(Records for this task)
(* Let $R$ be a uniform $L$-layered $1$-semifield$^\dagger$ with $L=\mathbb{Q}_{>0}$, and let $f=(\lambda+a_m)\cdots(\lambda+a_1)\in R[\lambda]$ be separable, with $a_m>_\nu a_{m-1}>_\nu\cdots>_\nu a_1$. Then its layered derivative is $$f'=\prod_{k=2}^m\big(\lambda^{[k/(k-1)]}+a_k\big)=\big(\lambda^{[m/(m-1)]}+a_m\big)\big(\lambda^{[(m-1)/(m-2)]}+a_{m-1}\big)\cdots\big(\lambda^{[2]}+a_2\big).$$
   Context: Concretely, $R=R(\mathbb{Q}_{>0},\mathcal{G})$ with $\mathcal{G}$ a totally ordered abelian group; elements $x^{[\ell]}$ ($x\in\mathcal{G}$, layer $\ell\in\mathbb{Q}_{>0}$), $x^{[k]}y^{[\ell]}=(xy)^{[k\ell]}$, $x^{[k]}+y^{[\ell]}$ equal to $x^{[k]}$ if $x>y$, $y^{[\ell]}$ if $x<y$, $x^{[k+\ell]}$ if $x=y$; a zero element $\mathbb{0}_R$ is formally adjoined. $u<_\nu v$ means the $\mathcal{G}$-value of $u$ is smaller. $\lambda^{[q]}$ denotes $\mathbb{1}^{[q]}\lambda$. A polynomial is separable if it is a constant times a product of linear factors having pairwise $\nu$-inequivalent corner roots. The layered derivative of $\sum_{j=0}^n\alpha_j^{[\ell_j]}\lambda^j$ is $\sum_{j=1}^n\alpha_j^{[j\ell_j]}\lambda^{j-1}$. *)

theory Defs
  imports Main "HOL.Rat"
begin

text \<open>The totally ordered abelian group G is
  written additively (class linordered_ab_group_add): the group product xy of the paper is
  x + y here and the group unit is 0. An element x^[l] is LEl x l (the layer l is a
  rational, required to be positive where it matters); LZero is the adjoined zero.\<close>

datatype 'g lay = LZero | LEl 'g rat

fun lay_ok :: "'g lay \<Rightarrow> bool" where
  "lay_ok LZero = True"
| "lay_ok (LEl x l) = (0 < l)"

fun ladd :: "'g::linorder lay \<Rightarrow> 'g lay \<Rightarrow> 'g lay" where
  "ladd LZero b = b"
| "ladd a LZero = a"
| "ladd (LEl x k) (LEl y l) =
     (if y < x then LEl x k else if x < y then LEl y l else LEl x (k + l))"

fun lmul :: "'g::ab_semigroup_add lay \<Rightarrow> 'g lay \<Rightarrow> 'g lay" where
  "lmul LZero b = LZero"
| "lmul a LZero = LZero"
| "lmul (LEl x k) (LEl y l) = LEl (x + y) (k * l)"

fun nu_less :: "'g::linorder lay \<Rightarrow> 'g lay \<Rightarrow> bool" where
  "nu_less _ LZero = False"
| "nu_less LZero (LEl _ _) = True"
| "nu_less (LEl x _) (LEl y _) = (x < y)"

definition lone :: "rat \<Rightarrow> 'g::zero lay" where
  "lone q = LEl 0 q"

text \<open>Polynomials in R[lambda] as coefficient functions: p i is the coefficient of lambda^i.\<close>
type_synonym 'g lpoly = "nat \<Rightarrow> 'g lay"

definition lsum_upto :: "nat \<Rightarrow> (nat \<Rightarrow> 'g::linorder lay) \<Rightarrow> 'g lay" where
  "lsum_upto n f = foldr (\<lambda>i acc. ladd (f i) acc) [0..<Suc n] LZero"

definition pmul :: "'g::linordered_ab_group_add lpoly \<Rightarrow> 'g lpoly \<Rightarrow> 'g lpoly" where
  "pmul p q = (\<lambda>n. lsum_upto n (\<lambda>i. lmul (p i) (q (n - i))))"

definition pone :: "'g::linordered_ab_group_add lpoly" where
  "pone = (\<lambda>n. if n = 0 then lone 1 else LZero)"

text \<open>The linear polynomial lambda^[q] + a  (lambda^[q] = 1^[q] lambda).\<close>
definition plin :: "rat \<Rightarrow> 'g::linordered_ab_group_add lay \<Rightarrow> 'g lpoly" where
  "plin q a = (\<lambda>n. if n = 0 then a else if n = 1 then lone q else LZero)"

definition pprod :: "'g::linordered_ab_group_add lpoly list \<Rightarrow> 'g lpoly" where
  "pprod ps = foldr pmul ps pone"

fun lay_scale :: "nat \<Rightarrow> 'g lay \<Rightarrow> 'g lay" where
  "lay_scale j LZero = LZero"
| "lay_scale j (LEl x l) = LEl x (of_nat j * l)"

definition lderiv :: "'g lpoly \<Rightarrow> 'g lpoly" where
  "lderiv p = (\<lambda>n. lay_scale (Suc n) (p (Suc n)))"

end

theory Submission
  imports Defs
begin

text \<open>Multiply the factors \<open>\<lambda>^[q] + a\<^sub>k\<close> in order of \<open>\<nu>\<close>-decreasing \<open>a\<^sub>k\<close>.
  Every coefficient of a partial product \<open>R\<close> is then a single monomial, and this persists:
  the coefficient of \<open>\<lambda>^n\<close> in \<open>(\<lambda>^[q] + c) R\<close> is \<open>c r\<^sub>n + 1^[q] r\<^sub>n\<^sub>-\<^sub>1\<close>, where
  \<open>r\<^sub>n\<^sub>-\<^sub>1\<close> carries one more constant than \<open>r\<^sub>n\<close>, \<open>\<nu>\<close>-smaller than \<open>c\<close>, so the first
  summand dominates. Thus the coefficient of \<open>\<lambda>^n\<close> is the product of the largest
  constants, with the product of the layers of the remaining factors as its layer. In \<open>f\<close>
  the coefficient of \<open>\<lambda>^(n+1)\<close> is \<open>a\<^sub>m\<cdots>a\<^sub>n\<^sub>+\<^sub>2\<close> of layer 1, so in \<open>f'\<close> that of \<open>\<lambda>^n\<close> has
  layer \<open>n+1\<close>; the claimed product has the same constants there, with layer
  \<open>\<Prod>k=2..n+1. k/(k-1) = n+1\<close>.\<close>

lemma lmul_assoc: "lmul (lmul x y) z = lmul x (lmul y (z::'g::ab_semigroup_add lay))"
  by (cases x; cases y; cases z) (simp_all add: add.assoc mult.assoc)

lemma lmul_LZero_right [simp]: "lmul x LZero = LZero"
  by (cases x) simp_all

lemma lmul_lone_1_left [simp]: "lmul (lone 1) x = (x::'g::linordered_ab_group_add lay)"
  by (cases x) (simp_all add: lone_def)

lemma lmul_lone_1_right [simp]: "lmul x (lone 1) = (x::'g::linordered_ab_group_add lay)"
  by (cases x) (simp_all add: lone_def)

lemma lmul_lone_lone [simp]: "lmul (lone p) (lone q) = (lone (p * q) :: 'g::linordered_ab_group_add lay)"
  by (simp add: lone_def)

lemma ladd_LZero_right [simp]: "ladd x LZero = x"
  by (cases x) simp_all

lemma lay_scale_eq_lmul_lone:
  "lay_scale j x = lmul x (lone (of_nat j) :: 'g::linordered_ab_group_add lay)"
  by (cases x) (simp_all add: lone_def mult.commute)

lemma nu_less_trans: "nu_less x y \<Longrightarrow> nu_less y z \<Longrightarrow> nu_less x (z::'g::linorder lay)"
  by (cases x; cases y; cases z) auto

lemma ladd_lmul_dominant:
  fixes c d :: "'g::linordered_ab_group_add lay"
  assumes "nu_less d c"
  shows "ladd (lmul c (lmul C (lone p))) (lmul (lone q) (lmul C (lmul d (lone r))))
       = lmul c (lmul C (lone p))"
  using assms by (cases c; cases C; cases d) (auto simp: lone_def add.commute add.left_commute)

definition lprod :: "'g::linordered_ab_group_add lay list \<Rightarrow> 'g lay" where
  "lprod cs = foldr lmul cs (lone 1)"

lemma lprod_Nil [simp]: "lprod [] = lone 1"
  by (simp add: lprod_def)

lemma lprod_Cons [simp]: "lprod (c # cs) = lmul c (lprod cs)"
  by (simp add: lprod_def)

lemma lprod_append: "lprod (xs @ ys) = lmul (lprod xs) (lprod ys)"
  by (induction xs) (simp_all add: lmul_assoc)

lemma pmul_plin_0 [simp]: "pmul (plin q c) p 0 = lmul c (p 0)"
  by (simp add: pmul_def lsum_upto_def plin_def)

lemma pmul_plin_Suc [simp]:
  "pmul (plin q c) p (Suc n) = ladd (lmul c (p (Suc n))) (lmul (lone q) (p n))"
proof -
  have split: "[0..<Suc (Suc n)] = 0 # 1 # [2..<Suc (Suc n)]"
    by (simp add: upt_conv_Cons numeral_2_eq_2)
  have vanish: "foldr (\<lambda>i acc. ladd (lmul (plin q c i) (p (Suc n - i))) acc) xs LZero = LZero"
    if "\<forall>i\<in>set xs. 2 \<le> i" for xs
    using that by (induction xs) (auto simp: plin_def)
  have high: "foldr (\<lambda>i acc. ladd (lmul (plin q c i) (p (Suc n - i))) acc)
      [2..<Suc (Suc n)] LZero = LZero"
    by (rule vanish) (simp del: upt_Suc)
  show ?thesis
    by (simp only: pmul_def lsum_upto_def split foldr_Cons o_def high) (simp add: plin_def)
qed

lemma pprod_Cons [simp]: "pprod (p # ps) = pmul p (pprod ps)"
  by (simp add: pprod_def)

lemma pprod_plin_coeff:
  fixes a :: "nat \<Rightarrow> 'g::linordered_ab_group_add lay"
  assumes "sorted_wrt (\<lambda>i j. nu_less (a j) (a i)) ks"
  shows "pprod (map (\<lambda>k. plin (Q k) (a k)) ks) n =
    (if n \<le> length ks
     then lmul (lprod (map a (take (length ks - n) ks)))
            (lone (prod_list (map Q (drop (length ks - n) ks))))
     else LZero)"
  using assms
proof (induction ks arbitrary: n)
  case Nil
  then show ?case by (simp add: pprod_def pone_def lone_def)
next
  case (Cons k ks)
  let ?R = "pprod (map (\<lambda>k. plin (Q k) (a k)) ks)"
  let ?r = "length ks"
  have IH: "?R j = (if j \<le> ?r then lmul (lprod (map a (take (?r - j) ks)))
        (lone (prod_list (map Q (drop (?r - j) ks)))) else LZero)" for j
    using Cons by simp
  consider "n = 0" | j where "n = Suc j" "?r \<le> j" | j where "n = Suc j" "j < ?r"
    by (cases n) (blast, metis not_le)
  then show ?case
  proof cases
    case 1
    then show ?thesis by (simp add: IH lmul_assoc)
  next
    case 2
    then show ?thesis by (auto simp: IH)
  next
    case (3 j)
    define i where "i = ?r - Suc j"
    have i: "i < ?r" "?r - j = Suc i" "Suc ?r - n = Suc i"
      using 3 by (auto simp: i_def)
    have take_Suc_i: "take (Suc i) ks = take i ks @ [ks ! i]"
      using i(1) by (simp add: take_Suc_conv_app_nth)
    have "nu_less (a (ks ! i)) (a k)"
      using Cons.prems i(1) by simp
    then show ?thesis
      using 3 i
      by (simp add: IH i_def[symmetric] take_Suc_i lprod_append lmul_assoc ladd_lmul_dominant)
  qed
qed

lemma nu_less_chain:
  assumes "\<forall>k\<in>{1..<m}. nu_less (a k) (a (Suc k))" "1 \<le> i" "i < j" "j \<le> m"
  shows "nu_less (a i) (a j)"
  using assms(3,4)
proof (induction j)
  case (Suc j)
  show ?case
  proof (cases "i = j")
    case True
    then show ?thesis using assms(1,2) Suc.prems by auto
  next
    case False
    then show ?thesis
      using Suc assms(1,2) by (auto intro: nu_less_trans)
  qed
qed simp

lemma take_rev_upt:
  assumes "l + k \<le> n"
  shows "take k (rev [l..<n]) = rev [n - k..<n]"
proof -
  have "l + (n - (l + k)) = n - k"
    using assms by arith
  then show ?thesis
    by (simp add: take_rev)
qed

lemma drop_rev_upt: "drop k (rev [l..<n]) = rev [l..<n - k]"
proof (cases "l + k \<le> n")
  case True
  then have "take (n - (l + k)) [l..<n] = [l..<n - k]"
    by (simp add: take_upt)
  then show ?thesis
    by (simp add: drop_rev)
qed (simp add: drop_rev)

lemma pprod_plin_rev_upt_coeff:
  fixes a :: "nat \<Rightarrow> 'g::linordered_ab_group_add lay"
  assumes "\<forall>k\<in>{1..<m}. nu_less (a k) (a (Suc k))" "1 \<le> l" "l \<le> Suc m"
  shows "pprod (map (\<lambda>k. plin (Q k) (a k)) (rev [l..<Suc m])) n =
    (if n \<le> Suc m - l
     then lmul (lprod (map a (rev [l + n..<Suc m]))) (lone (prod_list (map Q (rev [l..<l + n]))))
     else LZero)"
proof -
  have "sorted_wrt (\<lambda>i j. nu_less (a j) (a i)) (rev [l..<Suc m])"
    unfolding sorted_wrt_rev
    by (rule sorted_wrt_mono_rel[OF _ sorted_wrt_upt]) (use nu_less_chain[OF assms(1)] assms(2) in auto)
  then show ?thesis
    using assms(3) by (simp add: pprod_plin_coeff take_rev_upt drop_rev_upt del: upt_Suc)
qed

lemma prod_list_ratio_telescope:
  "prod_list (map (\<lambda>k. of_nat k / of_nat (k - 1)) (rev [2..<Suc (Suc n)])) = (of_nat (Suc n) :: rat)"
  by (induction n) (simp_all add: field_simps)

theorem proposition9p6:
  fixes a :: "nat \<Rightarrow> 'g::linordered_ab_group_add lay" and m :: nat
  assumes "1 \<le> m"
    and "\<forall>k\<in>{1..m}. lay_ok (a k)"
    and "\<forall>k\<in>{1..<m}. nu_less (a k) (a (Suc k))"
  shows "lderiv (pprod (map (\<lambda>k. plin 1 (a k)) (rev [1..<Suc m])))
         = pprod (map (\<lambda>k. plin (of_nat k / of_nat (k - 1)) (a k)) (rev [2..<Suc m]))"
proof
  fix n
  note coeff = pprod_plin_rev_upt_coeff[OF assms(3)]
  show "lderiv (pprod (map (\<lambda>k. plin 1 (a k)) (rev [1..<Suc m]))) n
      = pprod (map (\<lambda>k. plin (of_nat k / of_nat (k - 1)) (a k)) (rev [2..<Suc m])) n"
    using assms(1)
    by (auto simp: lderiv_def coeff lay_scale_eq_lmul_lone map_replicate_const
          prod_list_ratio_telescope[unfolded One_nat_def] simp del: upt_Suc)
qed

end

(Problem statement)
Go through the material above and output exactly the lines from the one containing "x (lone (of_nat" through the one containing "xs. 2 \<le>".

(Written response)
  "lay_scale j x = lmul x (lone (of_nat j) :: 'g::linordered_ab_group_add lay)"
  by (cases x) (simp_all add: lone_def mult.commute)

lemma nu_less_trans: "nu_less x y \<Longrightarrow> nu_less y z \<Longrightarrow> nu_less x (z::'g::linorder lay)"
  by (cases x; cases y; cases z) auto

lemma ladd_lmul_dominant:
  fixes c d :: "'g::linordered_ab_group_add lay"
  assumes "nu_less d c"
  shows "ladd (lmul c (lmul C (lone p))) (lmul (lone q) (lmul C (lmul d (lone r))))
       = lmul c (lmul C (lone p))"
  using assms by (cases c; cases C; cases d) (auto simp: lone_def add.commute add.left_commute)

definition lprod :: "'g::linordered_ab_group_add lay list \<Rightarrow> 'g lay" where
  "lprod cs = foldr lmul cs (lone 1)"

lemma lprod_Nil [simp]: "lprod [] = lone 1"
  by (simp add: lprod_def)

lemma lprod_Cons [simp]: "lprod (c # cs) = lmul c (lprod cs)"
  by (simp add: lprod_def)

lemma lprod_append: "lprod (xs @ ys) = lmul (lprod xs) (lprod ys)"
  by (induction xs) (simp_all add: lmul_assoc)

lemma pmul_plin_0 [simp]: "pmul (plin q c) p 0 = lmul c (p 0)"
  by (simp add: pmul_def lsum_upto_def plin_def)

lemma pmul_plin_Suc [simp]:
  "pmul (plin q c) p (Suc n) = ladd (lmul c (p (Suc n))) (lmul (lone q) (p n))"
proof -
  have split: "[0..<Suc (Suc n)] = 0 # 1 # [2..<Suc (Suc n)]"
    by (simp add: upt_conv_Cons numeral_2_eq_2)
  have vanish: "foldr (\<lambda>i acc. ladd (lmul (plin q c i) (p (Suc n - i))) acc) xs LZero = LZero"
    if "\<forall>i\<in>set xs. 2 \<le> i" for xs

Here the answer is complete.